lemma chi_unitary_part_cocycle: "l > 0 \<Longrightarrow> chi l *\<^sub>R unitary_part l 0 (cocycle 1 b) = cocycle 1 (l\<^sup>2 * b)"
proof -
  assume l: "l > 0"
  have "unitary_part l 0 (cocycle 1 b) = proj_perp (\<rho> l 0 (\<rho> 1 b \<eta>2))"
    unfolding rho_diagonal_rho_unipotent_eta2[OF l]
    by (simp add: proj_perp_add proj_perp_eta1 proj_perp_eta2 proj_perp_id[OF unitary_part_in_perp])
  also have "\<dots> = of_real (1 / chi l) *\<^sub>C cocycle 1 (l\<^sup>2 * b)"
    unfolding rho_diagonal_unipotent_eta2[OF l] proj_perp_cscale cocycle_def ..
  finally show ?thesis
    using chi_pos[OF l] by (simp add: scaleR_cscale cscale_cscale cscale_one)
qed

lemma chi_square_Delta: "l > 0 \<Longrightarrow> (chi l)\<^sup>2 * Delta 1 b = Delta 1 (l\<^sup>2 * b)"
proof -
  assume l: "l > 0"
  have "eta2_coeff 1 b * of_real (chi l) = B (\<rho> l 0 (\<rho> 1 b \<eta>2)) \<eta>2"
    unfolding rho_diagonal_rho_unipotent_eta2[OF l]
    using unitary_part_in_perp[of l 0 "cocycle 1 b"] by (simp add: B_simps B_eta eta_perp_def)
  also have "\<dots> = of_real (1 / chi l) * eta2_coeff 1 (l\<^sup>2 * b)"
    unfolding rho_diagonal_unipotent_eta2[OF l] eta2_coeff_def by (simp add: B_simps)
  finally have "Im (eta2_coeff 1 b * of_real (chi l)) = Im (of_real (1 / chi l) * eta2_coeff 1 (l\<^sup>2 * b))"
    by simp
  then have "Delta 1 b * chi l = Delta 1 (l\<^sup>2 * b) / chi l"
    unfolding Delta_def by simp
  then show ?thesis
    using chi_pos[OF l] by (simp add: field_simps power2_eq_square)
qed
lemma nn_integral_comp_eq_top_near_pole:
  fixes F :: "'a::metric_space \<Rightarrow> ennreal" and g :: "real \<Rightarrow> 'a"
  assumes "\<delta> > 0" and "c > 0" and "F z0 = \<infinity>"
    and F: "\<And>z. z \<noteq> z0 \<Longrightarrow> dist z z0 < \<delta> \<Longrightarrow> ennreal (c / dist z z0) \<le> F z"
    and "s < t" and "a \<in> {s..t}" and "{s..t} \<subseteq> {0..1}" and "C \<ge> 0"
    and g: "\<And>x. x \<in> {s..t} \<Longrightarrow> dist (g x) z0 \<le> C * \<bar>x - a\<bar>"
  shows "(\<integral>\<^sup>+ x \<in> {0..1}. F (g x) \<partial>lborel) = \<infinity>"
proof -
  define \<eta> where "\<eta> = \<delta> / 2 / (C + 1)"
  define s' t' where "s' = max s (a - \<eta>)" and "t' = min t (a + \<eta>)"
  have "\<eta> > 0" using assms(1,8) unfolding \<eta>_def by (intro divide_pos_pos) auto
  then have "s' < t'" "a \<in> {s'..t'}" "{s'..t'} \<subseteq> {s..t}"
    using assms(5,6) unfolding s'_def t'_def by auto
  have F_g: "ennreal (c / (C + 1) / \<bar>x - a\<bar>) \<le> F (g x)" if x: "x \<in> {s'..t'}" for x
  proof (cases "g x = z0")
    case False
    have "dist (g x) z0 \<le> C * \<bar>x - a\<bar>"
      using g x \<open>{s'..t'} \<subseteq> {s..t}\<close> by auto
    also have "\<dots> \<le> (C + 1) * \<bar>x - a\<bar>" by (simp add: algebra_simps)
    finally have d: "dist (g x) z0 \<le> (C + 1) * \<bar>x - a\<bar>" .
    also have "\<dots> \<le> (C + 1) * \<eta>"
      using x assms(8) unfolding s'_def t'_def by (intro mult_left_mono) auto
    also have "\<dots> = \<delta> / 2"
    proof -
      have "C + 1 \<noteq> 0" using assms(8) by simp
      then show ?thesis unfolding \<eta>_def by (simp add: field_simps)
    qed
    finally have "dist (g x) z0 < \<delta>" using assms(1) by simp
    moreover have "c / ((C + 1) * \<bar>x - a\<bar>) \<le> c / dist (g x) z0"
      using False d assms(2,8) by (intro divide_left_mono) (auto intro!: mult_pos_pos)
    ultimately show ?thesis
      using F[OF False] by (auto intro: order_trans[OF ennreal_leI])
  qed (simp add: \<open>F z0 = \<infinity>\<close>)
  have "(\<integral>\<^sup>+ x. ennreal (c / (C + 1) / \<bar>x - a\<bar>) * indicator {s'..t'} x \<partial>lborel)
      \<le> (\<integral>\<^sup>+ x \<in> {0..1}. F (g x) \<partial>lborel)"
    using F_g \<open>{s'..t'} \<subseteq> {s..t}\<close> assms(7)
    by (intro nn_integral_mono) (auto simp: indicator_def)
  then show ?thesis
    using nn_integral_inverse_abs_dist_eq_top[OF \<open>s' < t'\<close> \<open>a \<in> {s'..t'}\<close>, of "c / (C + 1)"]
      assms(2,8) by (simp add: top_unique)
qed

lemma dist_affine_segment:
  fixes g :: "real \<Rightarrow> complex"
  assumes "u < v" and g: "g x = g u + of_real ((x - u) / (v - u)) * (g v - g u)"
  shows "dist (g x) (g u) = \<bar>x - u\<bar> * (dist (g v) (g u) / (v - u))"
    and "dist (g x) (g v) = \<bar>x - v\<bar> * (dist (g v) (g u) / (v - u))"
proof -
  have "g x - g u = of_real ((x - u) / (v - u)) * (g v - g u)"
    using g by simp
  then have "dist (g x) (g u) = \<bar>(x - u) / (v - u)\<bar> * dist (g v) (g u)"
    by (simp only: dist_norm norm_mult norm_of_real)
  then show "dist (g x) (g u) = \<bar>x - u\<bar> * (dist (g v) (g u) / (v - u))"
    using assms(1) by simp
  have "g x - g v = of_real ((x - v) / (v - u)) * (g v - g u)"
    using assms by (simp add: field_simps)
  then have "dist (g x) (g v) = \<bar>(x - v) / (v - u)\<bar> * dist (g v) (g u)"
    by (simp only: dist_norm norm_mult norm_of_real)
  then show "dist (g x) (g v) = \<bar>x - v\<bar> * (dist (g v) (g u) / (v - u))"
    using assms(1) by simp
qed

+---+

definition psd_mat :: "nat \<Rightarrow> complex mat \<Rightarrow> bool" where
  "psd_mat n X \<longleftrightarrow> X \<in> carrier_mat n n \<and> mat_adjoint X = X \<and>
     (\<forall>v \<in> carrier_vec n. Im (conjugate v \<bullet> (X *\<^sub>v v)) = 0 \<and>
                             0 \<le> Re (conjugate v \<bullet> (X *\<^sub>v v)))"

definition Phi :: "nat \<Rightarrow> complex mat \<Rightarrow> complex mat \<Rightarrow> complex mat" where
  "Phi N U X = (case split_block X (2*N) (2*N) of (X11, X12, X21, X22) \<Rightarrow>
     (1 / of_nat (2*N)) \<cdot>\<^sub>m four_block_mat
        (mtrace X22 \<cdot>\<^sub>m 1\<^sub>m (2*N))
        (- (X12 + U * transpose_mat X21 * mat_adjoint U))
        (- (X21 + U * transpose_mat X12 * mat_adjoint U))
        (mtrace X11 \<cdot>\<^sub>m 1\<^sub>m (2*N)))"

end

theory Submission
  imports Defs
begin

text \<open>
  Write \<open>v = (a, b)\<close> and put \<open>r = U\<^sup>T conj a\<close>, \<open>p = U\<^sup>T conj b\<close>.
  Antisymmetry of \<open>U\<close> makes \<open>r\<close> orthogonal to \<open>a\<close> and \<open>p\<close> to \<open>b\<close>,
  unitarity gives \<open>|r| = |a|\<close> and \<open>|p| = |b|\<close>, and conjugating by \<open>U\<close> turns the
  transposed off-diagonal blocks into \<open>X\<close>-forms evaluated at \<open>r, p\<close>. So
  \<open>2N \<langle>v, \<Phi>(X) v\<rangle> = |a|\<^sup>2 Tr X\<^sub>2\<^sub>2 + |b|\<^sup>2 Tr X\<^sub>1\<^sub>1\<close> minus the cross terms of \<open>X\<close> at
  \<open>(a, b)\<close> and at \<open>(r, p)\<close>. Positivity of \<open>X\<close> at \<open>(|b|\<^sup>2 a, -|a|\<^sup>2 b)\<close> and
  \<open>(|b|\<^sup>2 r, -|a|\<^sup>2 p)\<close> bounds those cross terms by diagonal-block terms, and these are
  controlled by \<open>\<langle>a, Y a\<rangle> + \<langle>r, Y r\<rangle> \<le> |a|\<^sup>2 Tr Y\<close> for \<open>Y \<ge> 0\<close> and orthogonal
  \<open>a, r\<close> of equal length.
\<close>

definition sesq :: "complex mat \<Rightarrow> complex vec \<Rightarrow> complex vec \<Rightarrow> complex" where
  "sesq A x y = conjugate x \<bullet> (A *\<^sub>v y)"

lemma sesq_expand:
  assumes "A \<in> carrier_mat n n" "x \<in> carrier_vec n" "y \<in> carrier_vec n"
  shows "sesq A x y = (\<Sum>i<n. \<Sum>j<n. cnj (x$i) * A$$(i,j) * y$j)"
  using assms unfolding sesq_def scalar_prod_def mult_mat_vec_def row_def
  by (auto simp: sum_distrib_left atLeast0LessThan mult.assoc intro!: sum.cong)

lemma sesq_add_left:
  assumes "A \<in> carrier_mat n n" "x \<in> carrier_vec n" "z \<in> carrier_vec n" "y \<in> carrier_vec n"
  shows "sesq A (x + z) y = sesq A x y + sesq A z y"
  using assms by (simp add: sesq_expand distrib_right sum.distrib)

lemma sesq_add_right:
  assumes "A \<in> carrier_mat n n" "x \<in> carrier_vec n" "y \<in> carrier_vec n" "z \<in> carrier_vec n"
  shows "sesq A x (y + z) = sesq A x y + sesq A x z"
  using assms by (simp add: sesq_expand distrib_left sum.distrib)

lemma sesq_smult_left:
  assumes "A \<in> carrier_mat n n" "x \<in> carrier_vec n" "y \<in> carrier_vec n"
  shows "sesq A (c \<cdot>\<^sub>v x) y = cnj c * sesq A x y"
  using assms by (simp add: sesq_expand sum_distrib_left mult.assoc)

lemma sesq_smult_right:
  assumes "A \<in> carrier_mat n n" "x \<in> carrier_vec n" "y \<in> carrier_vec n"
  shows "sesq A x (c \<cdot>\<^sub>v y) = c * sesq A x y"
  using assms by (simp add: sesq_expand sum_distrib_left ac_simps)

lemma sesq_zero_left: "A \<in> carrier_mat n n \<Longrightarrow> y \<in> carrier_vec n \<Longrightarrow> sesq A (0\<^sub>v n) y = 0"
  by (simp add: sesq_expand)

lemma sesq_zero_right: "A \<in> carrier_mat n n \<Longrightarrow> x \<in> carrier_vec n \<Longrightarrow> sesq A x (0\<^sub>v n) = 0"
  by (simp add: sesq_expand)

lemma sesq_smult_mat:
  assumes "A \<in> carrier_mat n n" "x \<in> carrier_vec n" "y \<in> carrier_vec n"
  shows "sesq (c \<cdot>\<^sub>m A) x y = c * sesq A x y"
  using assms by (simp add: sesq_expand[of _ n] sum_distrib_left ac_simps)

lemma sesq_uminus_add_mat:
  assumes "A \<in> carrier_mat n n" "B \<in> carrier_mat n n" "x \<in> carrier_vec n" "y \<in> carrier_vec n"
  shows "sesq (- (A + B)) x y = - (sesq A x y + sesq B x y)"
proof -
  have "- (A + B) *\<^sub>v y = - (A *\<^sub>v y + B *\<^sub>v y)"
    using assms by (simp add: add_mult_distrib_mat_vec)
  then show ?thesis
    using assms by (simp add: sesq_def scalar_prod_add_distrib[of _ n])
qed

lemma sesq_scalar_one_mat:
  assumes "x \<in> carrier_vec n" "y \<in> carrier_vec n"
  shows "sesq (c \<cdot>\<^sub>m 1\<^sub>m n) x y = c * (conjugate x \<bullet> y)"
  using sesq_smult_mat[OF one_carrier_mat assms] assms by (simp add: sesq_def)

+---+

__WHAT TO PRODUCE__: Would you print, exactly as written, every line above from the one holding "using assms by (simp add: sesq_expand distrib_right" through the one holding "n \<Longrightarrow> y", with both included and no other lines?

__TASK RESULT__:
  using assms by (simp add: sesq_expand distrib_right sum.distrib)

lemma sesq_add_right:
  assumes "A \<in> carrier_mat n n" "x \<in> carrier_vec n" "y \<in> carrier_vec n" "z \<in> carrier_vec n"
  shows "sesq A x (y + z) = sesq A x y + sesq A x z"
  using assms by (simp add: sesq_expand distrib_left sum.distrib)

lemma sesq_smult_left:
  assumes "A \<in> carrier_mat n n" "x \<in> carrier_vec n" "y \<in> carrier_vec n"
  shows "sesq A (c \<cdot>\<^sub>v x) y = cnj c * sesq A x y"
  using assms by (simp add: sesq_expand sum_distrib_left mult.assoc)

lemma sesq_smult_right:
  assumes "A \<in> carrier_mat n n" "x \<in> carrier_vec n" "y \<in> carrier_vec n"
  shows "sesq A x (c \<cdot>\<^sub>v y) = c * sesq A x y"
  using assms by (simp add: sesq_expand sum_distrib_left ac_simps)

lemma sesq_zero_left: "A \<in> carrier_mat n n \<Longrightarrow> y \<in> carrier_vec n \<Longrightarrow> sesq A (0\<^sub>v n) y = 0"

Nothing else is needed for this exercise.